Published by World Tibet News - Tuesday, May 21 1996Australian Associated Press
By Trevor Marshallsea of AAP
BEIJING, May 21 AAP - Less than a month after dodging a United Nations motion about its record on human rights issues including Tibet, China has again been condemned for its actions in the contentious region.
Human rights watchdog Amnesty International today said it was appalled by reports which have filtered out over the past few days of a new crackdown by China's central authorities in Tibet.
The reports allege Buddhist nuns and monks, and other Tibetans, were shot and injured in protests over the imposition of a ban on displaying pictures of the region's spiritual leader, the Dalai Lama.
"It's appalling that people have been shot and severely beaten merely for displaying pictures of their spiritual leader," the London-based Amnesty said in a statement.
"Yet again, the Chinese authorities have shown contempt for the Tibetan people's human rights of freedom of religion and peaceful expression."
The heightened tension in Tibet comes less than a month after China, for the sixth successive year, avoided having its human rights record debated at the United Nations Commission on Human Rights session in Geneva.
Having benefited from the support of its aid-dependent allies at the session, China hailed a victory over hegemonism from the west in the defeat of the motion, which was to discuss Beijing's "inadequate protection of Tibet's Buddhist culture", among other issues.
The inaction at the session triggered criticism of the Commission from human rights groups, as well as warnings that peaceful dissidents in China and Tibet may pay the price.
Reports out of Tibet in recent days appear to vindicate those warnings, as well as illustrate China's heightened sensitivity over the Dalai Lama, who is to visit Australia in September.
Amnesty said reports it had received said three monks from a monastery east of Lhasa were shot and wounded on May 7, and that two of them may have been killed.

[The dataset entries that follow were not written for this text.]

text \<open>Write \<open>a0 = cos + g\<close> with \<open>\<parallel>g\<parallel>\<^sub>C\<^sub>3 \<le> \<epsilon> \<le> 1/10\<close>. Comparing \<open>a0 x0\<close> with \<open>a0 0\<close>
  gives \<open>cos x0 \<ge> 1 - 2\<epsilon>\<close>, so every maximiser lies in \<open>|x| < pi/3\<close>, where \<open>a0'' < 0\<close>; hence
  the maximiser is unique and \<open>a0'(x0) = 0\<close>, which gives \<open>|sin x0| \<le> \<epsilon>\<close> and
  \<open>1 - cos x0 \<le> \<epsilon>\<close>. The k-th derivative of \<open>eta0\<close> is \<open>(a0^(k)(x0 + y) - mu0 cos^(k)(y)) / mu0\<close>,
  whose numerator is the shift error of \<open>cos^(k)\<close> by \<open>x0\<close>, plus \<open>(1 - mu0) cos^(k)(y)\<close>, plus
  \<open>g^(k)(x0 + y)\<close>, each \<open>O(\<epsilon>)\<close>. Since \<open>phi_m1 0 = -1\<close> and \<open>phi_m1' 0 = phi_m1'' 0 = 0\<close>, the
  choice of \<open>mu0\<close> and \<open>am1\<close> makes \<open>xi0\<close> vanish to second order at \<open>0\<close>.\<close>

lemma nderiv_eq_on_interval:
  fixes F :: "nat \<Rightarrow> real \<Rightarrow> real"
  assumes "a < b"
    and F_deriv: "\<And>k x. k < n \<Longrightarrow> x \<in> {a..b} \<Longrightarrow>
                   (F k has_real_derivative F (Suc k) x) (at x within {a..b})"
    and F0: "\<And>x. x \<in> {a..b} \<Longrightarrow> f x = F 0 x"
    and "j \<le> n" and x: "x \<in> {a..b}"
  shows "nderiv j f {a..b} x = F j x"
  using \<open>j \<le> n\<close> x
proof (induction j arbitrary: x)
  case 0
  then show ?case using F0 by simp
next
  case (Suc j)
  have "(F j has_real_derivative F (Suc j) x) (at x within {a..b})"
    using F_deriv Suc.prems by simp
  then have "(nderiv j f {a..b} has_real_derivative F (Suc j) x) (at x within {a..b})"
    by (rule has_field_derivative_transform_within[OF _ zero_less_one \<open>x \<in> {a..b}\<close>])
       (use Suc in auto)
  then show ?case
    using vector_derivative_within_closed_interval[OF \<open>a < b\<close> \<open>x \<in> {a..b}\<close>]
    by (simp add: has_real_derivative_iff_has_vector_derivative)
qed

On May 14, two truckloads of seriously injured people had arrived at a hospital in Lhasa under police escort. The London-based Tibet Information Network said that on that day, 80 people, at least 30 of whom were women, had been injured in a clash with authorities.
"Both incidents are thought to be related to the increasing tension in Tibet since the authorities began to enforce a ban on the display of pictures of the Dalai Lama in monasteries, shops and schools," Amnesty said.

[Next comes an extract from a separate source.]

(* Let $v\in \mathbb{D}_\delta$. Fix a decomposition $v(x)=\mathcal V(x_3)+{\bf Q}(x_3)(x_1{\bf e}_1+x_2{\bf e}_2)+\overline{\overline v}(x)$ of $v$ on the rod $B_\delta$ as described in the context, set $\mathcal W(x_3)=\mathcal V(x_3)-x_3{\bf e}_3$, and for $x_3\in[-\delta,L]$ define $$\mathcal W^{(m)}(x_3)=\mathcal W(0)+\int_0^{x_3}({\bf Q}(t)-{\bf I}_3){\bf e}_3\,dt,\qquad \mathcal W^{(s)}=\mathcal W-\mathcal W^{(m)}.$$ Then there is a constant $C$ independent of $\delta$ such that $$\|\mathcal W^{(s)}\|_{H^1(-\delta,L;\mathbb R^3)}\le \frac{C}{\delta}{\bf d}(v,B_\delta),\qquad \|\mathcal W^{(m)}_\alpha-\mathcal W_\alpha(0)\|_{H^2(-\delta,L)}\le \frac{C}{\delta^2}{\bf d}(v,B_\delta)+C|||{\bf Q}(0)-{\bf I}_3|||\ (\alpha=1,2),$$ $$\|\mathcal W^{(m)}_3-\mathcal W^{(m)}_3(0)\|_{H^1(-\delta,L)}\le \frac{C}{\delta^4}[{\bf d}(v,B_\delta)]^2+C|({\bf Q}(0)-{\bf I}_3){\bf e}_3\cdot{\bf e}_3|,$$ $$\Big\|\frac{d\mathcal W^{(m)}_3}{dx_3}\Big\|_{L^2(-\delta,\delta)}\le \frac{C}{\delta^{5/2}}[{\bf d}(v,B_\delta)]^2+C\delta^{1/2}|({\bf Q}(0)-{\bf I}_3){\bf e}_3\cdot{\bf e}_3|.$$
   Context: Let $\omega\subset\mathbb R^2$ be a bounded domain with Lipschitz boundary containing the origin $O$; let $D$ be the open unit disc centered at $O$, with $\overline D\subset\omega$; let $\gamma_0\subset\partial\omega$ be an open set made of finitely many connected components with pairwise disjoint closures; fix $L>0$. For $\delta>0$ let $D_\delta$ be the disc of radius $\delta$ centered at $O$, $\Omega_\delta=\omega\times(-\delta,\delta)$ (plate), $B_\delta=D_\delta\times(-\delta,L)$ (rod), $\mathcal S_\delta=\Omega_\delta\cup B_\delta$, $\Gamma_{0,\delta}=\gamma_0\times(-\delta,\delta)$, and $\mathbb D_\delta=\{v\in H^1(\mathcal S_\delta;\mathbb R^3): v=I_d \text{ on }\Gamma_{0,\delta}\}$, where $I_d$ is the identity map of $\mathbb R^3$. $({\bf e}_1,{\bf e}_2,{\bf e}_3)$ is the canonical basis, ${\bf I}_3$ the identity matrix, $|||\cdot|||$ the Frobenius norm, and ${\bf d}(v,\mathcal O)=\|\mathrm{dist}(\nabla v,SO(3))\|_{L^2(\mathcal O)}$. Rod decomposition (known result): every $v\in H^1(B_\delta;\mathbb R^3)$ can be written $v(x)=\mathcal V(x_3)+{\bf Q}(x_3)(x_1{\bf e}_1+x_2{\bf e}_2)+\overline{\overline v}(x)$ with $\mathcal V(x_3)=\frac1{|D_\delta|}\int_{D_\delta}v(x)\,dx_1dx_2\in H^1(-\delta,L;\mathbb R^3)$, ${\bf Q}\in H^1(-\delta,L;SO(3))$, $\overline{\overline v}\in H^1(B_\delta;\mathbb R^3)$, and, with $C$ independent of $\delta$ and $L$: $\|\overline{\overline v}\|_{L^2}\le C\delta{\bf d}(v,B_\delta)$, $\|\nabla\overline{\overline v}\|_{L^2}\le C{\bf d}(v,B_\delta)$, $\|d{\bf Q}/dx_3\|_{L^2(-\delta,L)}\le C\delta^{-2}{\bf d}(v,B_\delta)$, $\|d\mathcal V/dx_3-{\bf Q}{\bf e}_3\|_{L^2(-\delta,L)}\le C\delta^{-1}{\bf d}(v,B_\delta)$, $\|\nabla v-{\bf Q}\|_{L^2(B_\delta)}\le C{\bf d}(v,B_\delta)$. Such a decomposition is fixed. *)

theory Defs
  imports "HOL-Analysis.Analysis"
begin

"The monasteries are reported to have been closed, stopping the public entering or monks leaving without permission, in order to prevent unrest spreading.
"Amnesty International is urging the Chinese authorities to immediately release anyone detained for peacefully expressing their beliefs and remove the ban on displaying pictures of the Dalai Lama."
Beijing's bitterness over the Dalai Lama is not only being felt in Tibet, but also by other countries which the exiled spiritual leader has recently visited, or will visit in the near future, including Australia.
China's Ambassador to Australia, Hua Junduo, warned last week that any official contact between Australian leaders and the Dalai Lama would constitute "a very unpleasant episode in our relations".
A similar warning had gone out to Denmark, which hosted the Dalai Lama last week.
Beijing's sensitivity over Tibet and its religious leader has increased since the Dalai Lama was involved in a dispute with Chinese authorities late last year over the choice for Tibet's new Panchen Lama, the region's second-highest religious leader.
Beijing's choice was installed in the position over the Dalai Lama's selection.